**Exercise requirements:** Within this material, how many lines include the word "minimum"? Answer with a number and nothing more.

**Given records:**
(* Let $\vec{\mathcal G}=([n],E)$ be a directed graph with $m=|E|$ edges in which every vertex has at least one outgoing edge and which has at least one directed cycle. For weights $r\in\mathbb R^m$ let $\lambda(r)$ denote the minimum, over all directed cycles $C$ of $\vec{\mathcal G}$, of the mean weight of $C$. Then for every edge $(i,j)\in E$ and every $r_{-ij}\in\mathbb R^{m-1}$, the function $\mathbb R\ni x\mapsto \lambda(x,r_{-ij})$ is continuous, piecewise affine, and has at most $n$ break points.
   Context: The mean weight of a directed cycle is the sum of the weights of its edges divided by its number of edges. For $r\in\mathbb R^m$ and an edge $(i,j)$, $r_{-ij}\in\mathbb R^{m-1}$ is $r$ with the $ij$-th coordinate removed, and $(x,r_{-ij})\in\mathbb R^m$ is $r$ with the $ij$-th coordinate replaced by $x$. *)

theory Defs
  imports "HOL-Analysis.Analysis"
begin

text \<open>Edge weights r \<in> \<real>^m (m = card E) are represented as a
  function on vertex pairs; only its values on E matter.\<close>

definition is_dcycle :: "(nat \<times> nat) set \<Rightarrow> nat list \<Rightarrow> bool" where
  "is_dcycle E c \<longleftrightarrow> c \<noteq> [] \<and> distinct c \<and>
     (\<forall>t < length c. (c ! t, c ! ((t + 1) mod length c)) \<in> E)"

definition cycle_weight :: "(nat \<times> nat \<Rightarrow> real) \<Rightarrow> nat list \<Rightarrow> real" where
  "cycle_weight r c = (\<Sum>t < length c. r (c ! t, c ! ((t + 1) mod length c)))"

definition cycle_mean :: "(nat \<times> nat \<Rightarrow> real) \<Rightarrow> nat list \<Rightarrow> real" where
  "cycle_mean r c = cycle_weight r c / real (length c)"

definition min_cycle_mean :: "(nat \<times> nat) set \<Rightarrow> (nat \<times> nat \<Rightarrow> real) \<Rightarrow> real" where
  "min_cycle_mean E r = Min {cycle_mean r c | c. is_dcycle E c}"

definition pw_affine_at_most :: "nat \<Rightarrow> (real \<Rightarrow> real) \<Rightarrow> bool" where
  "pw_affine_at_most N f \<longleftrightarrow> (\<exists>B. finite B \<and> card B \<le> N \<and>
     (\<forall>a b. a < b \<and> {a<..<b} \<inter> B = {} \<longrightarrow>
        (\<exists>c d. \<forall>x \<in> {a<..<b}. f x = c * x + d)))"

end

theory Submission
  imports Defs
begin

text \<open>Changing the weight of the edge (i, j) to x turns the mean weight of every cycle c into an
  affine function of x whose slope is the number of occurrences of (i, j) in c divided by the length
  of c. A directed cycle has distinct vertices, so it uses (i, j) at most once, and its length is at
  most n; hence the slopes lie in {0} \<union> {1/k | 1 \<le> k \<le> n}. Thus \<lambda> is the minimum of
  finitely many lines with at most n + 1 distinct slopes. Such a minimum is continuous, and
  adding the lines in order of increasing slope creates at most one new break point per slope,
  because the difference between the previous minimum and the new line is monotone.\<close>

lemma pw_affine_at_most_mono:
  "pw_affine_at_most N f \<Longrightarrow> N \<le> M \<Longrightarrow> pw_affine_at_most M f"
  unfolding pw_affine_at_most_def by (meson order_trans)

lemma mono_sign_constant_off_point:
  fixes d :: "real \<Rightarrow> real"
  assumes "mono d"
  shows "\<exists>x0. \<forall>a b. x0 \<notin> {a<..<b} \<longrightarrow>
           (\<forall>x\<in>{a<..<b}. d x \<le> 0) \<or> (\<forall>x\<in>{a<..<b}. 0 \<le> d x)"
proof -
  define P where "P = {x. d x \<le> 0}"
  have down: "x \<in> P" if "y \<in> P" "x \<le> y" for x y
    using monoD[OF assms that(2)] that(1) unfolding P_def by simp
  consider "P = {}" | "\<not> bdd_above P" | "P \<noteq> {}" "bdd_above P" by blast
  then show ?thesis
  proof cases
    case 1
    then show ?thesis unfolding P_def by (metis mem_Collect_eq empty_iff linear)
  next
    case 2
    have "x \<in> P" for x
    proof -
      obtain y where "y \<in> P" "x \<le> y" using 2 unfolding bdd_above_def by (meson linear)
      then show ?thesis by (rule down)
    qed
    then show ?thesis unfolding P_def by blast
  next
    case 3
    have below: "d x \<le> 0" if "x < Sup P" for x
    proof -
      obtain y where "y \<in> P" "x < y" using less_cSup_iff[OF 3] \<open>x < Sup P\<close> by blast
      then show ?thesis using down[of y x] unfolding P_def by simp
    qed
    have above: "0 \<le> d x" if "Sup P < x" for x
      using cSup_upper[OF _ 3(2), of x] that unfolding P_def by force
    show ?thesis
    proof (intro exI allI impI)
      fix a b assume "Sup P \<notin> {a<..<b}"
      then have "b \<le> Sup P \<or> Sup P \<le> a" by auto
      then show "(\<forall>x\<in>{a<..<b}. d x \<le> 0) \<or> (\<forall>x\<in>{a<..<b}. 0 \<le> d x)"
        using below above by fastforce
    qed
  qed
qed

lemma pw_affine_at_most_min_affine:
  fixes h :: "real \<Rightarrow> real"
  assumes h: "pw_affine_at_most N h"
    and mono: "mono (\<lambda>x. h x - (s * x + \<beta>))"
  shows "pw_affine_at_most (Suc N) (\<lambda>x. min (h x) (s * x + \<beta>))"
proof -
  obtain B where B: "finite B" "card B \<le> N"
    "\<And>a b. a < b \<Longrightarrow> {a<..<b} \<inter> B = {} \<Longrightarrow> \<exists>c d. \<forall>x\<in>{a<..<b}. h x = c * x + d"
    using h unfolding pw_affine_at_most_def by blast
  obtain x0 where x0: "\<And>a b. x0 \<notin> {a<..<b} \<Longrightarrow>
      (\<forall>x\<in>{a<..<b}. h x - (s * x + \<beta>) \<le> 0) \<or> (\<forall>x\<in>{a<..<b}. 0 \<le> h x - (s * x + \<beta>))"
    using mono_sign_constant_off_point[OF mono] by blast
  show ?thesis
    unfolding pw_affine_at_most_def
  proof (intro exI[of _ "insert x0 B"] conjI allI impI)
    show "finite (insert x0 B)" "card (insert x0 B) \<le> Suc N"
      using B by (auto simp: card_insert_if)
    fix a b assume ab: "a < b \<and> {a<..<b} \<inter> insert x0 B = {}"
    then obtain c d where "\<forall>x\<in>{a<..<b}. h x = c * x + d" using B(3) by blast
    moreover from ab have "x0 \<notin> {a<..<b}" by blast
    ultimately show "\<exists>c d. \<forall>x\<in>{a<..<b}. min (h x) (s * x + \<beta>) = c * x + d"
      using x0 by (metis diff_ge_0_iff_ge diff_le_0_iff_le min.absorb1 min.absorb2)
  qed
qed

lemma pw_affine_at_most_Min_lines:
  fixes \<beta> :: "real \<Rightarrow> real"
  assumes "finite S" "S \<noteq> {}"
  shows "pw_affine_at_most (card S - 1) (\<lambda>x. Min ((\<lambda>s. s * x + \<beta> s) ` S))"
  using assms
proof (induction S rule: finite_linorder_min_induct)
  case empty
  then show ?case by simp
next
  case (insert s S)
  show ?case
  proof (cases "S = {}")
    case True
    then show ?thesis unfolding pw_affine_at_most_def by (intro exI[of _ "{}"]) auto
  next
    case False
    define h where "h x = Min ((\<lambda>s. s * x + \<beta> s) ` S)" for x
    have "mono (\<lambda>x. h x - (s * x + \<beta> s))"
    proof (rule monoI)
      fix x y :: real assume "x \<le> y"
      have "h y \<in> (\<lambda>s. s * y + \<beta> s) ` S"
        unfolding h_def using insert.hyps(1) False by (intro Min_in) auto
      then obtain t where t: "t \<in> S" "h y = t * y + \<beta> t" by blast
      have "h x \<le> t * x + \<beta> t" unfolding h_def using t(1) insert.hyps(1) by simp
      moreover have "(t - s) * x \<le> (t - s) * y"
        using insert.hyps(2) t(1) \<open>x \<le> y\<close> by (intro mult_left_mono) auto
      ultimately show "h x - (s * x + \<beta> s) \<le> h y - (s * y + \<beta> s)"
        using t(2) by (simp add: algebra_simps)
    qed
    from pw_affine_at_most_min_affine[OF _ this] insert.IH[OF False]
    have "pw_affine_at_most (Suc (card S - 1)) (\<lambda>x. min (h x) (s * x + \<beta> s))"
      unfolding h_def by blast
    moreover have "Suc (card S - 1) = card (insert s S) - 1"
      using insert.hyps False by (auto simp: card_gt_0_iff)
    moreover have "Min ((\<lambda>s. s * x + \<beta> s) ` insert s S) = min (h x) (s * x + \<beta> s)" for x
      using insert.hyps(1) False unfolding h_def by (simp add: min.commute)
    ultimately show ?thesis by simp
  qed
qed

lemma continuous_on_Min:
  fixes f :: "'i \<Rightarrow> 'a::topological_space \<Rightarrow> 'b::linorder_topology"
  assumes "finite I" "I \<noteq> {}" "\<And>i. i \<in> I \<Longrightarrow> continuous_on A (f i)"
  shows "continuous_on A (\<lambda>x. Min ((\<lambda>i. f i x) ` I))"
  using assms
proof (induction I rule: finite_ne_induct)
  case (insert i I)
  then show ?case by (simp add: continuous_on_min)
qed simp

lemma Min_lines_group_by_slope:
  fixes a b :: "'c \<Rightarrow> real"
  assumes "finite C" "C \<noteq> {}"
  shows "Min ((\<lambda>c. a c * x + b c) ` C) = Min ((\<lambda>s. s * x + Min (b ` {c\<in>C. a c = s})) ` a ` C)"
    (is "Min ?lines = Min ?grouped")
proof (rule antisym)
  have "Min ?lines \<le> s * x + Min (b ` {c\<in>C. a c = s})" if "s \<in> a ` C" for s
  proof -
    have "Min (b ` {c\<in>C. a c = s}) \<in> b ` {c\<in>C. a c = s}"
      using assms(1) \<open>s \<in> a ` C\<close> by (intro Min_in) auto
    then obtain c where c: "c \<in> C" "a c = s" "b c = Min (b ` {c\<in>C. a c = s})" by auto
    have "Min ?lines \<le> a c * x + b c" using assms(1) c(1) by (intro Min_le) auto
    with c show ?thesis by simp
  qed
  then show "Min ?lines \<le> Min ?grouped"
    using assms by (intro Min.boundedI) auto
  have "Min ?grouped \<le> a c * x + b c" if "c \<in> C" for c
  proof -
    have "Min ?grouped \<le> a c * x + Min (b ` {c'\<in>C. a c' = a c})"
      using assms(1) that by (intro Min_le) auto
    also have "\<dots> \<le> a c * x + b c"
      using assms(1) that by (intro add_left_mono Min_le) auto
    finally show ?thesis .
  qed
  then show "Min ?grouped \<le> Min ?lines"
    using assms by (intro Min.boundedI) auto
qed

definition cycle_edge :: "nat list \<Rightarrow> nat \<Rightarrow> nat \<times> nat" where
  "cycle_edge c t = (c ! t, c ! ((t + 1) mod length c))"

definition edge_multiplicity :: "nat \<times> nat \<Rightarrow> nat list \<Rightarrow> nat" where
  "edge_multiplicity e c = card {t. t < length c \<and> cycle_edge c t = e}"

definition cycle_slope :: "nat \<times> nat \<Rightarrow> nat list \<Rightarrow> real" where
  "cycle_slope e c = real (edge_multiplicity e c) / real (length c)"

lemma cycle_weight_fun_upd:
  "cycle_weight (r(e := x)) c = real (edge_multiplicity e c) * x + cycle_weight (r(e := 0)) c"
proof -
  have "cycle_weight (r(e := x)) c =
      (\<Sum>t<length c. if cycle_edge c t = e then x else 0) + cycle_weight (r(e := 0)) c"
    unfolding cycle_weight_def sum.distrib[symmetric]
    by (intro sum.cong) (auto simp: cycle_edge_def)
  also have "(\<Sum>t<length c. if cycle_edge c t = e then x else 0) = real (edge_multiplicity e c) * x"
    using sum.inter_filter[of "{..<length c}" "\<lambda>_. x" "\<lambda>t. cycle_edge c t = e"]
    unfolding edge_multiplicity_def by (simp add: lessThan_def)
  finally show ?thesis .
qed

lemma cycle_mean_fun_upd:
  "cycle_mean (r(e := x)) c = cycle_slope e c * x + cycle_mean (r(e := 0)) c"
  unfolding cycle_mean_def cycle_slope_def
  by (subst cycle_weight_fun_upd) (simp add: add_divide_distrib)

lemma edge_multiplicity_le_1:
  assumes "distinct c"
  shows "edge_multiplicity e c \<le> 1"
  unfolding edge_multiplicity_def One_nat_def
  by (subst card_le_Suc0_iff_eq) (auto simp: cycle_edge_def nth_eq_iff_index_eq[OF assms])

lemma dcycle_set_subset:
  assumes "E \<subseteq> V \<times> V" "is_dcycle E c"
  shows "set c \<subseteq> V"
proof
  fix v assume "v \<in> set c"
  then obtain t where "t < length c" "c ! t = v" by (auto simp: in_set_conv_nth)
  then show "v \<in> V" using assms unfolding is_dcycle_def by blast
qed

lemma dcycle_length_le_card:
  assumes "E \<subseteq> V \<times> V" "finite V" "is_dcycle E c"
  shows "length c \<le> card V"
proof -
  have "length c = card (set c)"
    using assms(3) by (simp add: is_dcycle_def distinct_card)
  also have "\<dots> \<le> card V"
    using dcycle_set_subset[OF assms(1,3)] assms(2) by (rule card_mono[rotated])
  finally show ?thesis .
qed

lemma finite_dcycles:
  assumes "E \<subseteq> V \<times> V" "finite V"
  shows "finite {c. is_dcycle E c}"
  by (rule finite_subset[OF _ finite_lists_length_le[OF assms(2), of "card V"]])
     (use dcycle_set_subset[OF assms(1)] dcycle_length_le_card[OF assms] in blast)

lemma card_dcycle_slopes_le:
  assumes "E \<subseteq> V \<times> V" "finite V"
  shows "card (cycle_slope e ` {c. is_dcycle E c}) \<le> Suc (card V)"
proof -
  let ?S = "insert 0 ((\<lambda>k. 1 / real k) ` {1..card V})"
  have "cycle_slope e c \<in> ?S" if c: "is_dcycle E c" for c
  proof -
    have "length c \<in> {1..card V}"
      using c dcycle_length_le_card[OF assms c] by (simp add: is_dcycle_def Suc_le_eq)
    moreover have "edge_multiplicity e c = 0 \<or> edge_multiplicity e c = 1"
      using c edge_multiplicity_le_1[of c e] unfolding is_dcycle_def by linarith
    ultimately show ?thesis
      unfolding cycle_slope_def by auto
  qed
  then have "card (cycle_slope e ` {c. is_dcycle E c}) \<le> card ?S"
    by (intro card_mono) auto
  also have "\<dots> \<le> Suc (card V)"
    using card_image_le[of "{1..card V}" "\<lambda>k. 1 / real k"] by (simp add: card_insert_if)
  finally show ?thesis .
qed

lemma min_cycle_mean_fun_upd_Min_lines:
  assumes "E \<subseteq> V \<times> V" "finite V" "\<exists>c. is_dcycle E c"
  obtains S \<beta> where "finite S" "S \<noteq> {}" "card S \<le> Suc (card V)"
    "\<And>x. min_cycle_mean E (r(e := x)) = Min ((\<lambda>s. s * x + \<beta> s) ` S)"
proof
  define C where "C = {c. is_dcycle E c}"
  define \<beta> where "\<beta> s = Min (cycle_mean (r(e := 0)) ` {c\<in>C. cycle_slope e c = s})" for s
  have C: "finite C" "C \<noteq> {}"
    using finite_dcycles[OF assms(1,2)] assms(3) unfolding C_def by auto
  then show "finite (cycle_slope e ` C)" "cycle_slope e ` C \<noteq> {}" by auto
  show "card (cycle_slope e ` C) \<le> Suc (card V)"
    using card_dcycle_slopes_le[OF assms(1,2)] unfolding C_def .
  fix x
  have "{cycle_mean (r(e := x)) c |c. is_dcycle E c} =
      (\<lambda>c. cycle_slope e c * x + cycle_mean (r(e := 0)) c) ` C"
    using cycle_mean_fun_upd[of r e x] unfolding C_def by auto
  then have "min_cycle_mean E (r(e := x)) =
      Min ((\<lambda>c. cycle_slope e c * x + cycle_mean (r(e := 0)) c) ` C)"
    unfolding min_cycle_mean_def by simp
  also have "\<dots> = Min ((\<lambda>s. s * x + \<beta> s) ` cycle_slope e ` C)"
    unfolding \<beta>_def by (rule Min_lines_group_by_slope[OF C])
  finally show "min_cycle_mean E (r(e := x)) = Min ((\<lambda>s. s * x + \<beta> s) ` cycle_slope e ` C)" .
qed

theorem mainTheorem2:
  fixes n :: nat and E :: "(nat \<times> nat) set"
  assumes "E \<subseteq> {1..n} \<times> {1..n}"
    and "\<forall>i \<in> {1..n}. \<exists>j. (i, j) \<in> E"
    and "\<exists>c. is_dcycle E c"
  shows "\<forall>i j (r :: nat \<times> nat \<Rightarrow> real). (i, j) \<in> E \<longrightarrow>
           continuous_on UNIV (\<lambda>x. min_cycle_mean E (r((i, j) := x))) \<and>
           pw_affine_at_most n (\<lambda>x. min_cycle_mean E (r((i, j) := x)))"
proof (intro allI impI)
  fix i j and r :: "nat \<times> nat \<Rightarrow> real"
  obtain S \<beta> where S: "finite S" "S \<noteq> {}" "card S \<le> Suc n"
    and lines: "\<And>x. min_cycle_mean E (r((i, j) := x)) = Min ((\<lambda>s. s * x + \<beta> s) ` S)"
    using min_cycle_mean_fun_upd_Min_lines[OF assms(1) finite_atLeastAtMost assms(3),
        where r = r and e = "(i, j)"] by auto
  show "continuous_on UNIV (\<lambda>x. min_cycle_mean E (r((i, j) := x))) \<and>
      pw_affine_at_most n (\<lambda>x. min_cycle_mean E (r((i, j) := x)))"
    unfolding lines
  proof
    show "continuous_on UNIV (\<lambda>x. Min ((\<lambda>s. s * x + \<beta> s) ` S))"
      by (rule continuous_on_Min[OF S(1,2)]) (simp add: continuous_on_add continuous_on_mult_right)
    show "pw_affine_at_most n (\<lambda>x. Min ((\<lambda>s. s * x + \<beta> s) ` S))"
      by (rule pw_affine_at_most_mono[OF pw_affine_at_most_Min_lines[OF S(1,2)]]) (use S(3) in simp)
  qed
qed

end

**Solution:** 4